:: Information shown ::

(* Let $C\subseteq\mathbb{C}$ be a subring, $D>0$, and let $F(A;X)=\big(\sum_i|f_i(A;X)|^2\big)^{\varepsilon/2}$ be an absolute polynomial power in $A=(A_1,\dots,A_m)$, $X=(X_1,\dots,X_n)$, with finitely many $f_i\in C[A,X]$ of degree at most $D$ and $\varepsilon\ge0$ rational. Assume $F$ is symmetric in $X$: $F(A;X_{\pi(1)},\dots,X_{\pi(n)})=F(A;X)$ for all permutations $\pi\in S_n$ (as functions on $\mathbb{C}^{m+n}$). Then there is an absolute polynomial power $\tilde F(A;\Sigma)$ in $A$ and $\Sigma=(\Sigma_1,\dots,\Sigma_n)$ with coefficients in $C$ such that $F(A;X)\sim\tilde F(A;\sigma_1(X),\dots,\sigma_n(X))$ on $\mathbb{C}^{m+n}$, with implied constants depending only on $\varepsilon$, $D$, $n$ and the number of terms of $F$.
   Context: An absolute polynomial power with coefficients in $C$ is an expression $(\sum_i|P_i|^2)^{\varepsilon/2}$ with finitely many polynomials $P_i$ with coefficients in $C$ and $\varepsilon\ge0$ rational. The elementary symmetric polynomials $\sigma_j\in\mathbb{Z}[X_1,\dots,X_n]$ are defined by $\prod_{i=1}^n(T+X_i)=T^n+\sum_{j=1}^n\sigma_jT^{n-j}$. $\sim$ means each side is bounded by a positive constant times the other. *)

theory Defs
  imports Complex_Main "HOL-Computational_Algebra.Polynomial" "HOL-Combinatorics.Permutations"
begin

text \<open>Multivariate polynomials in the variables indexed by 0,...,N-1, represented by
  their coefficient function on exponent vectors (nat => nat).\<close>
type_synonym mpoly = "(nat \<Rightarrow> nat) \<Rightarrow> complex"

definition is_mpoly :: "nat \<Rightarrow> complex set \<Rightarrow> mpoly \<Rightarrow> bool" where
  "is_mpoly N C p \<longleftrightarrow> finite {\<alpha>. p \<alpha> \<noteq> 0} \<and>
     (\<forall>\<alpha>. p \<alpha> \<noteq> 0 \<longrightarrow> (\<forall>i\<ge>N. \<alpha> i = 0) \<and> p \<alpha> \<in> C)"

definition mdeg_le :: "nat \<Rightarrow> mpoly \<Rightarrow> nat \<Rightarrow> bool" where
  "mdeg_le N p D \<longleftrightarrow> (\<forall>\<alpha>. p \<alpha> \<noteq> 0 \<longrightarrow> (\<Sum>i<N. \<alpha> i) \<le> D)"

definition meval :: "nat \<Rightarrow> mpoly \<Rightarrow> (nat \<Rightarrow> complex) \<Rightarrow> complex" where
  "meval N p z = (\<Sum>\<alpha>\<in>{\<alpha>. p \<alpha> \<noteq> 0}. p \<alpha> * (\<Prod>i<N. z i ^ \<alpha> i))"

text \<open>Absolute polynomial power (sum_i |P_i|^2)^(eps/2), with the convention t^0 = 1.\<close>
definition apow :: "nat \<Rightarrow> mpoly list \<Rightarrow> real \<Rightarrow> (nat \<Rightarrow> complex) \<Rightarrow> real" where
  "apow N ps \<epsilon> z = (if \<epsilon> = 0 then 1
      else (\<Sum>p\<leftarrow>ps. (cmod (meval N p z))\<^sup>2) powr (\<epsilon> / 2))"

definition subring_C :: "complex set \<Rightarrow> bool" where
  "subring_C C \<longleftrightarrow> 0 \<in> C \<and> 1 \<in> C \<and>
     (\<forall>x\<in>C. \<forall>y\<in>C. x + y \<in> C \<and> x - y \<in> C \<and> x * y \<in> C)"

definition esym :: "nat \<Rightarrow> (nat \<Rightarrow> complex) \<Rightarrow> nat \<Rightarrow> complex" where
  "esym n x j = coeff (\<Prod>i<n. [:x i, 1:]) (n - j)"

text \<open>Variables 0..m-1 are A, variables m..m+n-1 are X.\<close>
definition permvars :: "nat \<Rightarrow> nat \<Rightarrow> (nat \<Rightarrow> nat) \<Rightarrow> (nat \<Rightarrow> complex) \<Rightarrow> nat \<Rightarrow> complex" where
  "permvars m n \<pi> z = (\<lambda>i. if i < m then z i else if i < m + n then z (m + \<pi> (i - m)) else z i)"

definition symvars :: "nat \<Rightarrow> nat \<Rightarrow> (nat \<Rightarrow> complex) \<Rightarrow> nat \<Rightarrow> complex" where
  "symvars m n z = (\<lambda>i. if i < m then z i
      else if i < m + n then esym n (\<lambda>j. z (m + j)) (i - m + 1) else 0)"

end

theory Submission
  imports Defs
begin

text \<open>Put \<open>N = n!\<close>, \<open>L = N!\<close> and \<open>S = \<Sum>\<^sub>i |f\<^sub>i|\<^sup>2\<close>, so that \<open>F = S\<^sup>\<epsilon>\<^sup>/\<^sup>2\<close>. For each \<open>i\<close> the orbit
  polynomial \<open>\<Prod>\<^sub>\<pi> (T + f\<^sub>i(A; X\<^sub>\<pi>))\<close> has coefficients \<open>e\<^sub>i\<^sub>j\<close> (at \<open>T\<^sup>N\<^sup>-\<^sup>j\<close>) that are
  symmetric in \<open>X\<close>, hence, by the fundamental theorem on symmetric polynomials (proved below for
  polynomial functions with coefficients in \<open>C\<close>, by induction on \<open>n\<close>), polynomials in \<open>A\<close> and
  \<open>\<sigma>(X)\<close>. Let \<open>G = \<Sum>\<^sub>i\<^sub>,\<^sub>j |e\<^sub>i\<^sub>j|\<^sup>2\<^sup>L\<^sup>/\<^sup>j\<close>, a sum of squared moduli of the polynomials \<open>e\<^sub>i\<^sub>j\<^sup>L\<^sup>/\<^sup>j\<close>.
  Since \<open>S\<close> is symmetric, every root \<open>f\<^sub>i(A; X\<^sub>\<pi>)\<close> is bounded by \<open>S\<^sup>1\<^sup>/\<^sup>2\<close>, and \<open>e\<^sub>i\<^sub>j\<close> has
  degree \<open>j\<close> in the roots, so \<open>G \<lesssim> S\<^sup>L\<close>; conversely Fujiwara's root bound gives
  \<open>|f\<^sub>i| \<le> 2 max\<^sub>j |e\<^sub>i\<^sub>j|\<^sup>1\<^sup>/\<^sup>j \<le> 2 G\<^sup>1\<^sup>/\<^sup>2\<^sup>L\<close>, so \<open>S\<^sup>L \<lesssim> G\<close>. Hence
  \<open>F \<sim> G\<^sup>\<epsilon>\<^sup>/\<^sup>2\<^sup>L\<close>, an absolute polynomial power in \<open>A\<close> and \<open>\<sigma>(X)\<close> with exponent \<open>\<epsilon>/L\<close>.
  The constants depend only on \<open>n\<close>, \<open>k\<close> and \<open>\<epsilon>\<close>.\<close>

section \<open>Polynomial functions\<close>

lemma subring_C_closed:
  assumes "subring_C C"
  shows "0 \<in> C" "1 \<in> C" "-1 \<in> C"
    and "x \<in> C \<Longrightarrow> y \<in> C \<Longrightarrow> x + y \<in> C"
    and "x \<in> C \<Longrightarrow> y \<in> C \<Longrightarrow> x * y \<in> C"
  using assms unfolding subring_C_def by (metis diff_0)+

lemma subring_C_sum: "subring_C C \<Longrightarrow> (\<And>x. x \<in> S \<Longrightarrow> f x \<in> C) \<Longrightarrow> sum f S \<in> C"
  by (induction S rule: infinite_finite_induct) (auto intro: subring_C_closed)

inductive polyfun :: "complex set \<Rightarrow> nat \<Rightarrow> ((nat \<Rightarrow> complex) \<Rightarrow> complex) \<Rightarrow> bool"
  for C :: "complex set" and N :: nat where
  polyfun_const: "c \<in> C \<Longrightarrow> polyfun C N (\<lambda>z. c)"
| polyfun_var: "i < N \<Longrightarrow> polyfun C N (\<lambda>z. z i)"
| polyfun_add: "polyfun C N f \<Longrightarrow> polyfun C N g \<Longrightarrow> polyfun C N (\<lambda>z. f z + g z)"
| polyfun_mult: "polyfun C N f \<Longrightarrow> polyfun C N g \<Longrightarrow> polyfun C N (\<lambda>z. f z * g z)"

lemma polyfun_sum:
  "subring_C C \<Longrightarrow> (\<And>x. x \<in> S \<Longrightarrow> polyfun C N (f x)) \<Longrightarrow> polyfun C N (\<lambda>z. \<Sum>x\<in>S. f x z)"
  by (induction S rule: infinite_finite_induct)
    (auto intro: polyfun_add polyfun_const subring_C_closed)

lemma polyfun_prod:
  "subring_C C \<Longrightarrow> (\<And>x. x \<in> S \<Longrightarrow> polyfun C N (f x)) \<Longrightarrow> polyfun C N (\<lambda>z. \<Prod>x\<in>S. f x z)"
  by (induction S rule: infinite_finite_induct)
    (auto intro: polyfun_mult polyfun_const subring_C_closed)

lemma polyfun_power: "subring_C C \<Longrightarrow> polyfun C N f \<Longrightarrow> polyfun C N (\<lambda>z. f z ^ k)"
  using polyfun_prod[of C "{..<k}" N "\<lambda>_. f"] by simp

lemma polyfun_cong_vars: "polyfun C N f \<Longrightarrow> (\<And>i. i < N \<Longrightarrow> z i = w i) \<Longrightarrow> f z = f w"
  by (induction rule: polyfun.induct) auto

lemma polyfun_subst:
  "polyfun C N f \<Longrightarrow> (\<And>i. i < N \<Longrightarrow> polyfun C N' (\<lambda>z. \<rho> z i)) \<Longrightarrow> polyfun C N' (\<lambda>z. f (\<rho> z))"
  by (induction rule: polyfun.induct) (auto intro: polyfun.intros)
definition bundle_graph :: "'a graph \<Rightarrow> nat \<Rightarrow> 'a bundle_vertex graph" where
  "bundle_graph T M =
     ({bundle_point M \<sigma> i u | \<sigma> i u. \<sigma> \<in> automorphisms T \<and> i \<le> M \<and> u \<in> verts T},
      {(bundle_point M \<sigma> i u, bundle_point M \<sigma> j v) | \<sigma> i j u v.
         \<sigma> \<in> automorphisms T \<and> (u, v) \<in> edges T \<and> i \<le> M \<and> j \<le> M \<and> i \<le> Suc j \<and> j \<le> Suc i})"

lemma verts_bundle_graph:
  "verts (bundle_graph T M) =
     {bundle_point M \<sigma> i u | \<sigma> i u. \<sigma> \<in> automorphisms T \<and> i \<le> M \<and> u \<in> verts T}"
  by (simp add: bundle_graph_def verts_def)

lemma edges_bundle_graph:
  "edges (bundle_graph T M) =
     {(bundle_point M \<sigma> i u, bundle_point M \<sigma> j v) | \<sigma> i j u v.
        \<sigma> \<in> automorphisms T \<and> (u, v) \<in> edges T \<and> i \<le> M \<and> j \<le> M \<and> i \<le> Suc j \<and> j \<le> Suc i}"
  by (simp add: bundle_graph_def edges_def)

lemma bundle_point_in_verts:
  "\<sigma> \<in> automorphisms T \<Longrightarrow> i \<le> M \<Longrightarrow> u \<in> verts T \<Longrightarrow> bundle_point M \<sigma> i u \<in> verts (bundle_graph T M)"
  unfolding verts_bundle_graph by blast

lemma bundle_point_edge:
  "\<sigma> \<in> automorphisms T \<Longrightarrow> (u, v) \<in> edges T \<Longrightarrow> i \<le> M \<Longrightarrow> j \<le> M \<Longrightarrow> i \<le> Suc j \<Longrightarrow> j \<le> Suc i \<Longrightarrow>
    (bundle_point M \<sigma> i u, bundle_point M \<sigma> j v) \<in> edges (bundle_graph T M)"
  unfolding edges_bundle_graph by blast

lemma wf_bundle_graph:
  assumes "wf_graph T"
  shows "wf_graph (bundle_graph T M)"
  unfolding wf_graph_def
proof
  show "edges (bundle_graph T M) \<subseteq> verts (bundle_graph T M) \<times> verts (bundle_graph T M)"
    unfolding edges_bundle_graph using wf_graph_edgeD(1,2)[OF assms]
    by (blast intro: bundle_point_in_verts)
  show "sym (edges (bundle_graph T M))"
  proof (rule symI)
    fix p q assume "(p, q) \<in> edges (bundle_graph T M)"
    then obtain \<sigma> i j u v where "p = bundle_point M \<sigma> i u" "q = bundle_point M \<sigma> j v"
      "\<sigma> \<in> automorphisms T" "(u, v) \<in> edges T" "i \<le> M" "j \<le> M" "i \<le> Suc j" "j \<le> Suc i"
      unfolding edges_bundle_graph by blast
    then show "(q, p) \<in> edges (bundle_graph T M)"
      using wf_graph_edgeD(3)[OF assms] by (simp add: bundle_point_edge)
  qed
qed

lemma finite_bundle_graph:
  assumes "finite (verts T)"
  shows "finite (verts (bundle_graph T M))"
proof -
  have "verts (bundle_graph T M) = (\<Union>\<sigma>\<in>automorphisms T. \<Union>i\<le>M. bundle_point M \<sigma> i ` verts T)"
    unfolding verts_bundle_graph by blast
  then show ?thesis using assms finite_automorphisms[OF assms] by simp
qed
lemma binomial_transform_Zz:
  "(\<And>j. j \<le> i \<Longrightarrow> y j \<in> Zz z) \<Longrightarrow> binomial_transform y i \<in> Zz z"
  unfolding binomial_transform_def by (intro Zz_intros) auto

lemma minus_one_power_mult_minus_one_power:
  assumes "k \<le> i"
  shows "(-1 :: 'a :: comm_ring_1) ^ i * (-1) ^ k = (-1) ^ (i - k)"
proof -
  have "(-1 :: 'a) ^ i * (-1) ^ k = (-1) ^ ((i - k) + 2 * k)"
    using assms by (simp add: algebra_simps flip: power_add)
  also have "\<dots> = (-1) ^ (i - k)"
    by (simp only: power_add power_mult power2_minus power_one mult_1_right)
  finally show ?thesis .
qed

lemma signed_choose_mult_choose:
  assumes "k \<le> i" "i \<le> j"
  shows "(-1) ^ i * of_nat (j choose i) * ((-1) ^ k * of_nat (i choose k))
    = of_nat (j choose k) * ((-1) ^ (i - k) * of_nat ((j - k) choose (i - k)) :: 'a :: comm_ring_1)"
proof -
  have "(-1) ^ i * of_nat (j choose i) * ((-1) ^ k * of_nat (i choose k))
      = ((-1) ^ i * (-1) ^ k) * (of_nat ((j choose i) * (i choose k)) :: 'a)"
    by (simp only: of_nat_mult ac_simps)
  also have "\<dots> = (-1) ^ (i - k) * of_nat ((j choose k) * ((j - k) choose (i - k)))"
    using assms by (simp only: minus_one_power_mult_minus_one_power choose_mult)
  finally show ?thesis
    by (simp only: of_nat_mult ac_simps)
qed
theorem proposition2p1:
  fixes \<alpha> \<nu> Q :: real
  assumes "\<alpha> > 1" and "\<nu> \<ge> 1" and "1 \<le> Q" and "Q < 2 powr ((\<alpha> - 1) / \<alpha>)"
  shows "\<exists>A::real. \<forall>(M::'a measure) (\<Psi>::'p set) (n::nat) (W::nat \<Rightarrow> 'a \<Rightarrow> 'p \<Rightarrow> real)
            (g::nat \<Rightarrow> real).
    prob_space M \<and> \<Psi> \<noteq> {} \<and>
    (\<forall>k\<in>{1..n}. \<forall>\<omega>\<in>space M. bounded (W k \<omega> ` \<Psi>)) \<and>
    cond_S \<alpha> g Q \<and>
    (\<forall>i j. 1 \<le> i \<and> i \<le> j \<and> j \<le> n \<longrightarrow>
       outer_exp M (\<lambda>\<omega>. SUP \<psi>\<in>\<Psi>. ereal (\<bar>Ssum W i j \<omega> \<psi>\<bar> powr \<nu>))
         \<le> ereal (g (j - i + 1) powr \<alpha>))
    \<longrightarrow>
    (\<forall>i j. 1 \<le> i \<and> i \<le> j \<and> j \<le> n \<longrightarrow>
       outer_exp M (\<lambda>\<omega>. SUP \<psi>\<in>\<Psi>. ereal (\<bar>Mmax W i j \<omega> \<psi>\<bar> powr \<nu>))
         \<le> ereal (A * g (j - i + 1) powr \<alpha>))"
proof -
  define c where "c = 2 * (Q / 2) powr \<alpha>"
  have "0 < c" "c < 1"
    using two_mult_half_powr_less_one[of \<alpha> Q] assms unfolding c_def by auto
  then obtain C1 C2 where C2: "C2 * c < 1" and
    weighted: "\<And>x y. 0 \<le> x \<Longrightarrow> 0 \<le> y \<Longrightarrow> (x + y) powr \<nu> \<le> C1 * x powr \<nu> + C2 * y powr \<nu>"
    using powr_add_le_contracting assms(2) by metis
  define A where "A = max 1 (C1 / (1 - C2 * c))"
  have "C1 / (1 - C2 * c) \<le> A" by (simp add: A_def)
  then have "C1 \<le> A * (1 - C2 * c)" using C2 by (simp add: divide_le_eq)
  then have "C1 + 2 * C2 * (Q / 2) powr \<alpha> * A \<le> A" unfolding c_def by (simp add: algebra_simps)
  then have "outer_exp M (\<lambda>\<omega>. SUP \<psi>\<in>\<Psi>. ereal (\<bar>Mmax W i j \<omega> \<psi>\<bar> powr \<nu>))
      \<le> ereal (A * g (j - i + 1) powr \<alpha>)"
    if "\<Psi> \<noteq> {}" "cond_S \<alpha> g Q" "1 \<le> i" "i \<le> j" "j \<le> n"
      and "\<forall>i j. 1 \<le> i \<and> i \<le> j \<and> j \<le> n \<longrightarrow>
        outer_exp M (\<lambda>\<omega>. SUP \<psi>\<in>\<Psi>. ereal (\<bar>Ssum W i j \<omega> \<psi>\<bar> powr \<nu>)) \<le> ereal (g (j - i + 1) powr \<alpha>)"
    for M :: "'a measure" and \<Psi> :: "'p set" and n W g i j
    using that assms(2) by (intro outer_exp_Mmax_powr_le[OF _ _ _ _ weighted]) (auto simp: A_def)
  then show ?thesis by blast
qed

:::

Problem to work on ▸ Please count how many lines of the records include "obtain", giving the number and nothing else.

Output below ▸ 2